No, it absolutely is not. I suppose if you consider supply-side as a political movement started by specific people such as Laffer and Jude Wanniski, you might have a point. But supply-side as a general economic idea goes all the way back to Adam Smith.
And the concept that less tax and regulation will make an economy more dynamic and faster growing goes back even earlier. The Hanseatic League created a low-tax free trade zone by getting Henry II to exempt them from the typically heavy tariffs kings of the day imposed on trade. They also handled another form of ‘tax’ - banditry - by raising their own protection forces. The result was an explosion of economic growth. Supply side economics.
Supply side economics is not even just about tax cuts. Supply side economics has three legs - tax policy, regilatory policy, and trade. Supply siders believe in lower taxes, lower regulations, and free trade. The Laffee Curve doesn’t even address the last two, for God’s sake, and it’s not necessary for the first.

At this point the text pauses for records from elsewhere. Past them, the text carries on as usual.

lemma approx_with_bounded_image:
  "\<exists>M\<ge>0. \<forall>z\<in>S. \<forall>e>0. \<exists>a\<in>S. norm (f a) \<le> M * norm z \<and> norm (z - a) < e"
proof -
  obtain k x0 r where ball: "x0 \<in> S" "r > 0" "S \<inter> ball x0 r \<subseteq> closure {x \<in> S. norm (f x) \<le> real k}"
    using Baire_sublevel_closure_contains_ball[OF closed, of "\<lambda>x. norm (f x)"]
      subspace_0[OF subspace] by blast
  define M where "M = 4 * real k / r"
  have "\<exists>a\<in>S. norm (f a) \<le> M * norm z \<and> norm (z - a) < e" if z: "z \<in> S" and "e > 0" for z e
  proof (cases "z = 0")
    case True
    then show ?thesis
      using \<open>e > 0\<close> subspace_0[OF subspace] by (intro bexI[of _ 0]) auto
  next
    case False
    define t where "t = r / (2 * norm z)"
    have t: "t > 0" "norm (t *\<^sub>R z) < r"
      using False \<open>r > 0\<close> by (auto simp: t_def)
    obtain a where a: "a \<in> S" "norm (f a) \<le> 2 * real k" "norm (t *\<^sub>R z - a) < e * t"
      using approx_near_origin[OF ball subspace_scale[OF subspace z] t(2)] \<open>e > 0\<close> t(1)
      by (meson mult_pos_pos)
    have "norm (f ((1 / t) *\<^sub>R a)) = norm (f a) / t"
      using scaleR[OF a(1)] t(1) by simp
    also have "\<dots> \<le> M * norm z"
      using a(2) t(1) False \<open>r > 0\<close> by (simp add: t_def M_def field_simps)
    finally have "norm (f ((1 / t) *\<^sub>R a)) \<le> M * norm z" .
    moreover have "z - (1 / t) *\<^sub>R a = (1 / t) *\<^sub>R (t *\<^sub>R z - a)"
      using t(1) by (simp add: algebra_simps)
    then have "norm (z - (1 / t) *\<^sub>R a) = norm (t *\<^sub>R z - a) / t"
      using t(1) by simp
    then have "norm (z - (1 / t) *\<^sub>R a) < e"
      using a(3) t(1) by (simp add: pos_divide_less_eq)
    ultimately show ?thesis
      using subspace_scale[OF subspace a(1)] by blast
  qed
  moreover have "M \<ge> 0"
    using \<open>r > 0\<close> by (simp add: M_def)
  ultimately show ?thesis by blast
qed

lemma bounded_series_expansion:
  assumes approx: "\<forall>z\<in>S. \<forall>e>0. \<exists>a\<in>S. norm (f a) \<le> M * norm z \<and> norm (z - a) < e"
    and "M \<ge> 0" and x: "x \<in> S" "x \<noteq> 0"
  shows "\<exists>a. (\<forall>j. a j \<in> S) \<and> (\<forall>j. norm (f (a j)) \<le> M * norm x * (1/2)^j)
    \<and> (\<lambda>N. \<Sum>j<N. a j) \<longlonglongrightarrow> x"
proof -
  define g where "g z e = (SOME a. a \<in> S \<and> norm (f a) \<le> M * norm z \<and> norm (z - a) < e)" for z e
  have g: "g z e \<in> S \<and> norm (f (g z e)) \<le> M * norm z \<and> norm (z - g z e) < e"
    if "z \<in> S" "e > 0" for z e
    unfolding g_def by (rule someI_ex) (use approx that in blast)
  define eps where "eps j = norm x * (1/2)^Suc j" for j :: nat
  have eps: "eps j > 0" for j
    using x(2) by (simp add: eps_def)
  \<comment> \<open>\<open>rest j\<close> is the part of \<open>x\<close> not yet approximated after \<open>j\<close> steps\<close>
  define rest where "rest = rec_nat x (\<lambda>j z. z - g z (eps j))"
  define a where "a j = g (rest j) (eps j)" for j
  have rest_0: "rest 0 = x" and rest_Suc: "rest (Suc j) = rest j - a j" for j
    by (simp_all add: rest_def a_def)
  have rest: "rest j \<in> S \<and> norm (rest j) \<le> norm x * (1/2)^j" for j
  proof (induction j)
    case 0
    then show ?case using x by (simp add: rest_0)
  next
    case (Suc j)
    then have "a j \<in> S" "norm (rest j - a j) < eps j"
      using g[of "rest j" "eps j"] eps by (simp_all add: a_def)
    then show ?case
      using Suc subspace_diff[OF subspace] by (simp add: rest_Suc eps_def)
  qed
  have a_S: "a j \<in> S" for j
    using g rest eps by (simp add: a_def)
  have "norm (f (a j)) \<le> M * norm (rest j)" for j
    using g[of "rest j" "eps j"] rest eps by (simp add: a_def)
  then have a_bound: "norm (f (a j)) \<le> M * norm x * (1/2)^j" for j
    using rest[of j] mult_left_mono[OF _ \<open>M \<ge> 0\<close>] by (smt (verit) mult.assoc)
  have "(\<Sum>j<N. a j) = x - rest N" for N
    by (induction N) (simp_all add: rest_0 rest_Suc)
  moreover have "rest \<longlonglongrightarrow> 0"
  proof (rule Lim_null_comparison)
    show "\<forall>\<^sub>F j in sequentially. norm (rest j) \<le> norm x * (1/2)^j"
      using rest by simp
    show "(\<lambda>j. norm x * (1/2::real)^j) \<longlonglongrightarrow> 0"
      by (intro tendsto_mult_right_zero LIMSEQ_power_zero) simp
  qed
  then have "(\<lambda>N. x - rest N) \<longlonglongrightarrow> x - 0"
    by (intro tendsto_diff tendsto_const)
  ultimately have "(\<lambda>N. \<Sum>j<N. a j) \<longlonglongrightarrow> x"
    by simp
  then show ?thesis
    using a_S a_bound by blast
qed

lemma closed_graph_imp_bounded:
  assumes graph: "closed {(x, f x) | x. x \<in> S}"
  shows "\<exists>C. \<forall>x\<in>S. norm (f x) \<le> C * norm x"
proof -
  obtain M where "M \<ge> 0"
    and approx: "\<forall>z\<in>S. \<forall>e>0. \<exists>a\<in>S. norm (f a) \<le> M * norm z \<and> norm (z - a) < e"
    using approx_with_bounded_image by blast
  have "norm (f x) \<le> 2 * M * norm x" if x: "x \<in> S" "x \<noteq> 0" for x
  proof -
    obtain a where a: "\<And>j. a j \<in> S" "\<And>j. norm (f (a j)) \<le> M * norm x * (1/2)^j"
      and sum_a: "(\<lambda>N. \<Sum>j<N. a j) \<longlonglongrightarrow> x"
      using bounded_series_expansion[OF approx \<open>M \<ge> 0\<close> x] by metis
    have geom: "summable (\<lambda>j. M * norm x * (1/2::real)^j)"
      by (intro summable_mult summable_geometric) simp
    then have summable: "summable (\<lambda>j. norm (f (a j)))"
      by (rule summable_comparison_test'[where N=0]) (simp add: a(2))
    have "(\<lambda>N. f (\<Sum>j<N. a j)) \<longlonglongrightarrow> (\<Sum>j. f (a j))"
      using summable_LIMSEQ[OF summable_norm_cancel[OF summable]] by (simp add: sum a(1))
    moreover have "(\<Sum>j<N. a j) \<in> S" for N
      using a(1) by (rule subspace_sum[OF subspace])
    ultimately have "(x, \<Sum>j. f (a j)) \<in> {(x, f x) | x. x \<in> S}"
      by (intro closed_sequentially[OF graph _ tendsto_Pair[OF sum_a]]) auto
    then have "f x = (\<Sum>j. f (a j))"
      by auto
    also have "norm \<dots> \<le> (\<Sum>j. norm (f (a j)))"
      by (rule summable_norm[OF summable])
    also have "\<dots> \<le> (\<Sum>j. M * norm x * (1/2)^j)"
      by (rule suminf_le[OF a(2) summable geom])
    also have "\<dots> = 2 * M * norm x"
      using suminf_geometric[of "1/2::real"] by (simp add: suminf_mult)
    finally show ?thesis .
  qed
  then show ?thesis
    by (metis mult_zero_right norm_zero order_refl zero)
qed

end

section \<open>Closed operators with \<open>D(T) \<subseteq> D(T\<^sup>*)\<close> and \<open>T D(T) \<subseteq> D(T)\<close>\<close>

lemma linear_op_subspace: "linear_op D T \<Longrightarrow> subspace D"
  by (auto simp: linear_op_def csubspace_def subspace_def scaleR_scaleC)

lemma linear_op_add: "linear_op D T \<Longrightarrow> x \<in> D \<Longrightarrow> y \<in> D \<Longrightarrow> T (x + y) = T x + T y"
  by (simp add: linear_op_def)

lemma linear_op_scaleR: "linear_op D T \<Longrightarrow> x \<in> D \<Longrightarrow> T (r *\<^sub>R x) = r *\<^sub>R T x"
  by (simp add: linear_op_def scaleR_scaleC)

lemma linear_op_zero: "linear_op D T \<Longrightarrow> T 0 = 0"
  using linear_op_scaleR[of D T 0 0] subspace_0[OF linear_op_subspace, of D T] by simp

lemma linear_op_diff: "linear_op D T \<Longrightarrow> x \<in> D \<Longrightarrow> y \<in> D \<Longrightarrow> T (x - y) = T x - T y"
  using linear_op_add[of D T x "(-1) *\<^sub>R y"] linear_op_scaleR[of D T y "-1"]
    subspace_scale[OF linear_op_subspace, of D T y "-1"]
  by simp

lemma subspace_graph: "linear_op D T \<Longrightarrow> subspace {(x, T x) | x. x \<in> D}"
  using linear_op_zero[of D T] subspace_0[OF linear_op_subspace]
    subspace_add[OF linear_op_subspace] subspace_scale[OF linear_op_subspace]
  unfolding subspace_def
  by (fastforce simp: zero_prod_def linear_op_add linear_op_scaleR)

lemma norm_adj_comp_le_graph_norm:
  fixes D :: "'a::chilbert_space set"
  assumes lin: "linear_op D T" and dense: "densely_defined D" and closed: "closed_op D T"
    and adj: "D \<subseteq> adj_dom D T" and image: "T ` D \<subseteq> D"
  shows "\<exists>C\<ge>0. \<forall>x\<in>D. norm (adj D T (T x)) \<le> C * (norm x + norm (T x))"
proof -
  define G where "G = {(x, T x) | x. x \<in> D}"
  define F where "F p = adj D T (snd p)" for p :: "'a \<times> 'a"
  have snd_G: "snd p \<in> adj_dom D T" if p: "p \<in> G" for p
  proof -
    obtain x where "x \<in> D" "p = (x, T x)"
      using p by (auto simp: G_def)
    then show ?thesis
      using adj image by auto
  qed
  interpret F: linear_on_closed_subspace G F
  proof
    show "closed G"
      using closed by (simp add: G_def closed_op_def)
    show "subspace G"
      using subspace_graph[OF lin] by (simp add: G_def)
    show "F (p + q) = F p + F q" if "p \<in> G" "q \<in> G" for p q
      using adj_add[OF dense snd_G[OF that(1)] snd_G[OF that(2)]] by (simp add: F_def)
    show "F (r *\<^sub>R p) = r *\<^sub>R F p" if "p \<in> G" for r p
      using adj_scaleR[OF dense snd_G[OF that]] by (simp add: F_def)
  qed
  have "closed {(p, F p) | p. p \<in> G}"
  proof (subst closed_sequential_limits, intro allI impI, elim conjE)
    fix s :: "nat \<Rightarrow> ('a \<times> 'a) \<times> 'a" and l
    assume s: "\<forall>j. s j \<in> {(p, F p) | p. p \<in> G}" and lim: "s \<longlonglongrightarrow> l"
    have fst_s: "fst (s j) \<in> G" and snd_s: "snd (s j) = F (fst (s j))" for j
      using s[rule_format, of j] by auto
    have "fst l \<in> G"
      by (rule closed_sequentially[OF F.closed _ tendsto_fst[OF lim]]) (use fst_s in blast)
    moreover have "F (fst l) = snd l"
      unfolding F_def
    proof (rule adj_eq_lim[OF dense])
      show "snd (fst (s j)) \<in> adj_dom D T" for j
        using snd_G[OF fst_s] .
      show "snd (fst l) \<in> adj_dom D T"
        using snd_G[OF \<open>fst l \<in> G\<close>] .
      show "(\<lambda>j. snd (fst (s j))) \<longlonglongrightarrow> snd (fst l)"
        by (rule tendsto_snd[OF tendsto_fst[OF lim]])
      show "(\<lambda>j. adj D T (snd (fst (s j)))) \<longlonglongrightarrow> snd l"
        using tendsto_snd[OF lim] by (simp add: snd_s F_def)
    qed
    ultimately have "l = (fst l, F (fst l)) \<and> fst l \<in> G"
      by simp
    then show "l \<in> {(p, F p) | p. p \<in> G}"
      by blast
  qed
  then obtain C where C: "\<forall>p\<in>G. norm (F p) \<le> C * norm p"
    using F.closed_graph_imp_bounded by fast
  have "norm (adj D T (T x)) \<le> max C 0 * (norm x + norm (T x))" if "x \<in> D" for x
  proof -
    have "norm (adj D T (T x)) \<le> C * norm (x, T x)"
      using C that by (auto simp: G_def F_def)
    also have "\<dots> \<le> max C 0 * norm (x, T x)"
      by (simp add: mult_right_mono)
    also have "\<dots> \<le> max C 0 * (norm x + norm (T x))"
      by (simp add: mult_left_mono norm_Pair_le)
    finally show ?thesis .
  qed
  then show ?thesis
    by (intro exI[of _ "max C 0"]) auto
qed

I can support lower taxes even if I think it will reduce government revenue. For example, I may think the government already takes in too much and should have its revenue reduced. It’s also possible to be a supply sider and think taxes are about right. For example, if you think the deficit is more important and should be paid down, or if you think taxes are low enough and focus on reducing regulatory barriers and barriers to trade. That’s pretty much where I am.
The Laffer curve has been latched onto by Republicans for the same reason the ‘fiscal multiplier’ was latched onto by demand siders - it’s a political tool used to defang the arguments of the other side. Both are have-your-cake-and-eat-it-too ideas that politicians use to claim that their policiex will be self-financing. But the Laffer Curve is no more necessary to Supply Side as the fiscal multiplier is to Keynesian economics.
The Laffer curve is similar to multipliers in another fundamental way: both theories can be correct given the right circumstances, but have been applied by their adherents as universal truths that apply in all economic conditions.
Another definition of supply-side economics is as the reciprocal of demand-side economics, which says that taxing or borrowing money then handing it out to the people will stimulate the economy. Again, both are true in limited scenarios, but wildly overapplied. Fiscal stimulus as conceived by Keynes was only supposed to apply to recessions when there is a temporary demand shortfall. But now it’s common for the left to talk about all government spending as ‘stimulus’, even when the economy is doing fine and there are shortages of both material and labor. That’s the fault of politicians and idealogues, not economic theory.